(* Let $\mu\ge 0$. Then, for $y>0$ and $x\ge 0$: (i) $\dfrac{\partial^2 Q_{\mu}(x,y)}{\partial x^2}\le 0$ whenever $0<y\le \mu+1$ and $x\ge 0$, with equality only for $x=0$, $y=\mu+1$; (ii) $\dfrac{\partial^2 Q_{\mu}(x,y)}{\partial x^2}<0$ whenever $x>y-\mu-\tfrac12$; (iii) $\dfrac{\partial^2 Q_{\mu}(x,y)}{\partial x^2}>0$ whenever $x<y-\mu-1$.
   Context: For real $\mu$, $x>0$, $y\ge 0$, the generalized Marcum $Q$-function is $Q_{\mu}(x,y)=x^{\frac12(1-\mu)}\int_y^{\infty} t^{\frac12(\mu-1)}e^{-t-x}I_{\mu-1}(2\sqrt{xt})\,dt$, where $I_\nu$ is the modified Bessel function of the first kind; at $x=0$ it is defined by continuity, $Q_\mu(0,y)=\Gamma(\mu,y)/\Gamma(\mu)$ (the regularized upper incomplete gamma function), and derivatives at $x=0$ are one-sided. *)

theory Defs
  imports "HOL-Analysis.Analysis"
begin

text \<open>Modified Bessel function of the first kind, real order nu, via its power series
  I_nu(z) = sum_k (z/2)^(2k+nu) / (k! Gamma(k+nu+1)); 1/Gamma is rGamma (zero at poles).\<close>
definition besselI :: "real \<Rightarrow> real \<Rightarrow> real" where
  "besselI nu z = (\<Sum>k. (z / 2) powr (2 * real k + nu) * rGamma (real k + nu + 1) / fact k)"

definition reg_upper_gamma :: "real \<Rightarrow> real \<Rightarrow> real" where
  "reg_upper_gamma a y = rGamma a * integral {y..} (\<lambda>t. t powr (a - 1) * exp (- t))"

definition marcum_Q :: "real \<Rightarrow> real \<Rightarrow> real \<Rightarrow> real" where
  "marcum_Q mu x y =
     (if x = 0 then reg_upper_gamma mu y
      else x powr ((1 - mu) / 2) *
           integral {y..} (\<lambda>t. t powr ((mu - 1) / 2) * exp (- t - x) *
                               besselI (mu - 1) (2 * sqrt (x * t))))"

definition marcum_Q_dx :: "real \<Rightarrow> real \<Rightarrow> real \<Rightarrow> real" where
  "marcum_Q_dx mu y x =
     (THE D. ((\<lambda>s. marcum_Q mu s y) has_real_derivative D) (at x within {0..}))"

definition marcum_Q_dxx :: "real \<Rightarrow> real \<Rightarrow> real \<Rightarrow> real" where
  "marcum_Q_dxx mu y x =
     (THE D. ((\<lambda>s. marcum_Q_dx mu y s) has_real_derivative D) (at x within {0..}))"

==

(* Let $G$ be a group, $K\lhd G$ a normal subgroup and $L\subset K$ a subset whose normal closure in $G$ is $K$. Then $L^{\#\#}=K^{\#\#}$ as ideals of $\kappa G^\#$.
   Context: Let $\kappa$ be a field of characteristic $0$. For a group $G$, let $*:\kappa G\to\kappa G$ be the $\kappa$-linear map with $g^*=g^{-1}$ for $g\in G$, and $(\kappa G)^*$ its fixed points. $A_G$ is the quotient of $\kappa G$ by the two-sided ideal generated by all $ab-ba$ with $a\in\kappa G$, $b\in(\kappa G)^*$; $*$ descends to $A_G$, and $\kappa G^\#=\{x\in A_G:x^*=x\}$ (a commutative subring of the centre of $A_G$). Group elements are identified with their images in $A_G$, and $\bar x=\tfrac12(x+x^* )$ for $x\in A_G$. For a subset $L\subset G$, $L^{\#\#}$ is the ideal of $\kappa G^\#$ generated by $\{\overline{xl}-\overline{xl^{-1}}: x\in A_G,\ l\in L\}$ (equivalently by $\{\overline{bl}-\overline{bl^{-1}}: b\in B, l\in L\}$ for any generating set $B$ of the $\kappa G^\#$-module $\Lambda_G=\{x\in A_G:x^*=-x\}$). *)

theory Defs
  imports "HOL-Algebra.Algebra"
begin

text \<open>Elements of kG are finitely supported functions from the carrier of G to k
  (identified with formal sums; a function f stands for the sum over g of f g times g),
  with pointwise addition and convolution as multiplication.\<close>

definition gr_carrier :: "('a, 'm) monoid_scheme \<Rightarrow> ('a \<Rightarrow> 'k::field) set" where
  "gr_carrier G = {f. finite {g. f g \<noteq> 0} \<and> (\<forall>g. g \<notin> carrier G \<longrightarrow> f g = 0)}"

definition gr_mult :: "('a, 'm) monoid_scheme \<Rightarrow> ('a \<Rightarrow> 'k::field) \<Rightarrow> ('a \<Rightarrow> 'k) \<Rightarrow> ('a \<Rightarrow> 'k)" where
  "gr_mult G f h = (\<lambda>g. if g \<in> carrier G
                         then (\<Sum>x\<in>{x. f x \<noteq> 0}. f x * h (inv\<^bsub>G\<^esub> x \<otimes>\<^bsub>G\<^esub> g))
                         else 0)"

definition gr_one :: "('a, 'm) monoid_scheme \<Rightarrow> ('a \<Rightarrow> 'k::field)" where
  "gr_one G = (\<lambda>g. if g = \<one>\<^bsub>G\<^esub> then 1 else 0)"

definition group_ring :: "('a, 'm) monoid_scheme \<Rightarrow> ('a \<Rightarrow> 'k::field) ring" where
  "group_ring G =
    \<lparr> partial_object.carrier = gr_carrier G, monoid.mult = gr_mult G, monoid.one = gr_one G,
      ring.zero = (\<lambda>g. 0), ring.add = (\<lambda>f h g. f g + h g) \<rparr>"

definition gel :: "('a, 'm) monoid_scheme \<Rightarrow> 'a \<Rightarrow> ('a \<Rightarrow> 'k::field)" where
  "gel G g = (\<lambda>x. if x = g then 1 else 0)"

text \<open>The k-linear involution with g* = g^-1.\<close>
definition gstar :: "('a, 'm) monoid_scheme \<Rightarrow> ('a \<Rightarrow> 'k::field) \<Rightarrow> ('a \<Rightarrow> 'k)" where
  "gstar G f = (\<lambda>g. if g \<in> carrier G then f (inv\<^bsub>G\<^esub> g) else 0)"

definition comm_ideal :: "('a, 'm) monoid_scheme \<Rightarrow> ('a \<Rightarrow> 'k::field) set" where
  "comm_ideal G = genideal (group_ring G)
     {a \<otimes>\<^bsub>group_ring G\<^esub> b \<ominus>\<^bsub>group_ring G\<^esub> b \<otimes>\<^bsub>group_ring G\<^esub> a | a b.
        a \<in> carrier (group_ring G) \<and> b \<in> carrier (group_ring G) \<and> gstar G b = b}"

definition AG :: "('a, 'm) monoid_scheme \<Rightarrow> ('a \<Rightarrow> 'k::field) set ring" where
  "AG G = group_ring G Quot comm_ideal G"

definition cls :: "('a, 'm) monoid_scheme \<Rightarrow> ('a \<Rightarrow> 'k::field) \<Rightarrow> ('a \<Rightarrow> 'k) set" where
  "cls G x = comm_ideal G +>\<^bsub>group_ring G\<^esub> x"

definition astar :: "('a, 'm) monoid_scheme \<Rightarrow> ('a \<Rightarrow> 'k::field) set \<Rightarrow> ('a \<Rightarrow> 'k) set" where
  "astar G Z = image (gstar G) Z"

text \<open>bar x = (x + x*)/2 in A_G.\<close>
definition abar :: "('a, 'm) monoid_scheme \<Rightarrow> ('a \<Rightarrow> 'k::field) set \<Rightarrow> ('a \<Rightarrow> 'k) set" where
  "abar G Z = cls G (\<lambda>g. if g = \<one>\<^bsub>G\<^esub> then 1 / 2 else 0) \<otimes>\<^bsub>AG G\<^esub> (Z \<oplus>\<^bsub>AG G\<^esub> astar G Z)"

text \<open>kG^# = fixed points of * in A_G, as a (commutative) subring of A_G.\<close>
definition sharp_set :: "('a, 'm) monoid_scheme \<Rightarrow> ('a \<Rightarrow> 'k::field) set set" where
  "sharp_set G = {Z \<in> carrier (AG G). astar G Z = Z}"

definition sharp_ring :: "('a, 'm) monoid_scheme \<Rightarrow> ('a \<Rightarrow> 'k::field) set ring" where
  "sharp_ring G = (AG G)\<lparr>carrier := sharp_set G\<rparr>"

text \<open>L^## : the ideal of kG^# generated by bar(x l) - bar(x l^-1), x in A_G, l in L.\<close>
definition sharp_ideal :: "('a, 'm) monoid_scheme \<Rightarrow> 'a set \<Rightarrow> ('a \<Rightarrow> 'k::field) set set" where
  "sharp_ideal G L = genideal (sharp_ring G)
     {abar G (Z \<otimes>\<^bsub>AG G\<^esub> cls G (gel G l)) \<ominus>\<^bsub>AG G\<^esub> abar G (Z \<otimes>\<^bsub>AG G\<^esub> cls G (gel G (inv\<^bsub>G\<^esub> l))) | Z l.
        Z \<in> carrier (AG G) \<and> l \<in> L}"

...

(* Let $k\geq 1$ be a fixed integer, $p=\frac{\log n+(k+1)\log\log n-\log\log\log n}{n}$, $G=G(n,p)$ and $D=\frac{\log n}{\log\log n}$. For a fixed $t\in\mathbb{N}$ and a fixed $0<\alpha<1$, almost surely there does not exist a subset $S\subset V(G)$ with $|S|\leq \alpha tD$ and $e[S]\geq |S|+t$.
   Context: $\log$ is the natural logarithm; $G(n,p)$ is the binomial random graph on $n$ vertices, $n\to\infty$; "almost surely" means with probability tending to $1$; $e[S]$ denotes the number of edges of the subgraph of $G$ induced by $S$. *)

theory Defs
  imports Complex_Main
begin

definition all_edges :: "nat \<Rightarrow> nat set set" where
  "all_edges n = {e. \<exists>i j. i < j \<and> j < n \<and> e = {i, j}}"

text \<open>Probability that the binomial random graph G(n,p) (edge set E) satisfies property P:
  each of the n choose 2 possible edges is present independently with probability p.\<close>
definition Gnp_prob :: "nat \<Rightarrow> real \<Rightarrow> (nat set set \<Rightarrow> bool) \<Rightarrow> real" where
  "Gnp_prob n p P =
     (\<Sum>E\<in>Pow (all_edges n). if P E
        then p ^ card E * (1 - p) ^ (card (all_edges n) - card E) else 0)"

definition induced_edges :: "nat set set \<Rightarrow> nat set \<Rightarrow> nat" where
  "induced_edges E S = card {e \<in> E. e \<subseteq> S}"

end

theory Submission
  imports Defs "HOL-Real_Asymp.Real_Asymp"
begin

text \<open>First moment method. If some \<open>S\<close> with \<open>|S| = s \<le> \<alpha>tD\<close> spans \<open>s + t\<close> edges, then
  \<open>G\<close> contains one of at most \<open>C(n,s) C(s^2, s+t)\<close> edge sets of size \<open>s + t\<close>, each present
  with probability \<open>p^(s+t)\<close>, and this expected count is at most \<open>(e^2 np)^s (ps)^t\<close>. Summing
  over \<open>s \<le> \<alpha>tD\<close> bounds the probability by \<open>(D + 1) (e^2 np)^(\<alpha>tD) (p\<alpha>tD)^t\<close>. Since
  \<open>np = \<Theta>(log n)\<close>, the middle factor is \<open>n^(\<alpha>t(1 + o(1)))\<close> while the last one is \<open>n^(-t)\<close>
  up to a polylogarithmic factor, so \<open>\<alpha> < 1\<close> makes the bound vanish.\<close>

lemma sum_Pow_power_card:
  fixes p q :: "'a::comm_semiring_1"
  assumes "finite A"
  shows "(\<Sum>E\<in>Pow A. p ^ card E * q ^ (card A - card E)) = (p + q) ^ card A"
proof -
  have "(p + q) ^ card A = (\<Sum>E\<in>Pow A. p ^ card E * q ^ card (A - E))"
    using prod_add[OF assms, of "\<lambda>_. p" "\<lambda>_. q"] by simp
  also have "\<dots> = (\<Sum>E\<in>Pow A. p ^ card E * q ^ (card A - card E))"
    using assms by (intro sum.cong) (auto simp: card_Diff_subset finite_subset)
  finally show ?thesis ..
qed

Exercise requirements | Set down, from the entries above, exactly the lines from the one with "theory Submission" up to and including the one with "t\<close>, each present", and no other lines.

Output for this exercise |
theory Submission
  imports Defs "HOL-Real_Asymp.Real_Asymp"
begin

text \<open>First moment method. If some \<open>S\<close> with \<open>|S| = s \<le> \<alpha>tD\<close> spans \<open>s + t\<close> edges, then
  \<open>G\<close> contains one of at most \<open>C(n,s) C(s^2, s+t)\<close> edge sets of size \<open>s + t\<close>, each present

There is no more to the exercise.